I do not know nor desire to know if theologians have yet come to a scientific conclusion with regard to the poverty of Jesus, but it seems evident to me that poverty with the labour of the hands is the ideal held up by the Galilean to the efforts of His disciples. Still it is easy to see that Franciscan poverty is neither to be confounded with the unfeeling pride of the stoic, nor with the stupid horror of all joy felt by certain devotees; St. Francis renounced everything only that he might the better possess everything. The lives of the immense majority of our contemporaries are ruled by the fatal error that the more one possesses the more one enjoys. Our exterior, civil liberties continually increase, but at the same time our inward freedom is taking flight; how many are there among us who are literally possessed by what they possess?1 [Note: P. Sabatier, Life of St. Francis of Assisi, 126.]

2. The other extreme that Agur would be delivered from is poverty. The thought is of dire poverty, of sheer destitution, or, at least, of that precarious livelihood that is always on the verge of want, and is therefore oppressed with the ever-haunting fear of the distress which can never be quite out of sight.

(1) Poverty has this great advantage over wealth, that it compels to honest labour, it guards and protects the soul from the thousand vices of idleness by pre-occupying the heart and hands with good wholesome work; the body healthfully wearied by honest toil, even if it be never so hard, is rewarded by peaceful slumber when the day’s work is done. “The sleep of a labouring man is sweet, whether he eat little or much: but the abundance of the rich will not suffer him to sleep.” It is no curse indeed, but the greatest blessing ever sent upon an ignorant and childish world, to be forced to labour that we may eat.

But the thought in the text is the evil influence of extreme poverty on character. There are currents of influence that originate in the material environment of a man’s life and yet flow in upon his very soul, helping or hindering his spiritual life. Man has a body and a soul; at least, so we roughly and popularly divide his complex nature. But body and soul are not independent; they act and react upon each other. Spiritual coldness may sometimes have its physical causes. We may, Faber says, “attribute to the wiles of Satan what is really a matter of nerves or of digestion”; and a body that is either pampered and indulged or ailing and emaciated and fatigued may have a depressing effect upon the moral life. It is only stating the same truth a little more broadly to say that a man’s temporal circumstances may influence for good or evil his spiritual prosperity; you cannot draw a sharp line of cleavage between temporal and spiritual affairs any more than you can between body and soul. And we may find in the outward circumstances of our lives some of the stepping-stones by which we rise to heaven, or some of the temptations that drag us to destruction.
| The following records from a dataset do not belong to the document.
(* Let $G=(V,E,\mathcal{W})$ be a coherent matrix-weighted network as described in the context, and consider the consensus dynamics $\dot{\mathbf{y}}_i=\sum_j w_{ij}(\mathbf{R}_{ij}\mathbf{y}_j-\mathbf{y}_i)$, $i=1,\dots,n$, i.e. $\dot{\mathbf{y}}=-\mathcal{L}\mathbf{y}$ for $\mathbf{y}=(\mathbf{y}_1;\dots;\mathbf{y}_n)$, $\mathbf{y}_i\in\mathbb{R}^{n_d}$, with initial states $\mathbf{y}_i(0)$. Then for each node $v_j$, $\mathbf{y}_j(t)\to\mathbf{y}_j^*$ as $t\to\infty$, where $$\mathbf{y}_j^*=\mathbf{S}_{\sigma(j)1}\,\bar{\mathbf{y}}(0)/n,\qquad \bar{\mathbf{y}}(0)=\sum_{i=1}^n\mathbf{S}_{1\sigma(i)}\mathbf{y}_i(0).$$
   Context: A matrix-weighted network (MWN) is $G=(V,E,\mathcal{W})$ with node set $V=\{v_1,\dots,v_n\}$ and edge set $E\subset V\times V$, whose underlying graph is connected. For a fixed dimension $n_d$, each ordered pair $(i,j)$ carries $\mathbf{W}_{ij}\in\mathbb{R}^{n_d\times n_d}$, with $\mathbf{W}_{ij}=0$ iff $(v_i,v_j)\notin E$, and $\mathbf{W}_{ij}=\mathbf{W}_{ji}^T$. Write $w_{ij}=\|\mathbf{W}_{ij}\|_2$ and, for edges, $\mathbf{R}_{ij}=\mathbf{W}_{ij}/w_{ij}$ (transformation of the edge; take the term to be zero when $w_{ij}=0$). $\mathcal{W}$ is the $nn_d\times nn_d$ block matrix with blocks $\mathbf{W}_{ij}$; $d_i=\sum_j w_{ij}$, $\mathcal{D}=\mathrm{diag}(d_i)\otimes\mathbf{I}$ ($\mathbf{I}$ the $n_d\times n_d$ identity), $\mathcal{L}=\mathcal{D}-\mathcal{W}$. The transformation of a directed path or cycle with consecutive edges $e_1,\dots,e_k$ is $\mathbf{R}(e_1)\cdots\mathbf{R}(e_k)$; $G$ is coherent if every directed cycle $(v_{i_1},v_{i_2}),\dots,(v_{i_l},v_{i_1})$ ($l\ge2$, distinct nodes) has transformation $\mathbf{I}$. For coherent $G$ there is a partition $\{V_1,\dots,V_{l_p}\}$ of $V$ such that edges inside a part have transformation $\mathbf{I}$, all edges from a part $V_a$ to a part $V_b$ share the same transformation, and every directed cycle of parts (as super nodes) has transformation $\mathbf{I}$. For such a partition, $\sigma(i)$ is the index of the part containing $v_i$, and $\mathbf{S}_{hl}$ is the transformation of a directed path from a node of $V_h$ to a node of $V_l$. *)

theory Defs
  imports "HOL-Analysis.Analysis"
begin

text \<open>Nodes are indexed 1..n, parts 1..lp. A matrix-weighted network is given by
  the block function W :: nat => nat => real^'d^'d (dimension n_d = CARD('d)).
  The pair (i,j) is an edge iff W i j is nonzero.\<close>

definition wgt :: "(nat \<Rightarrow> nat \<Rightarrow> real^'d^'d) \<Rightarrow> nat \<Rightarrow> nat \<Rightarrow> real" where
  "wgt W i j = onorm (\<lambda>x. W i j *v x)"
There is an extreme of poverty which seems as unfavourable to the higher life as the extreme of riches. It may be such as to expose one to almost irresistible temptation, “lest I be poor and steal.” If food and warmth are not obtainable by honest means, is it wonderful that poor souls sometimes take a short cut and transgress? And even if that gross temptation is avoided, temptation comes in other forms, more subtle but equally strong. The constant anxiety, the ceaseless worry, the endless battle with the wolf at the door, may create a weary, listless, hopeless frame of mind that has not energy enough to respond to the call of God.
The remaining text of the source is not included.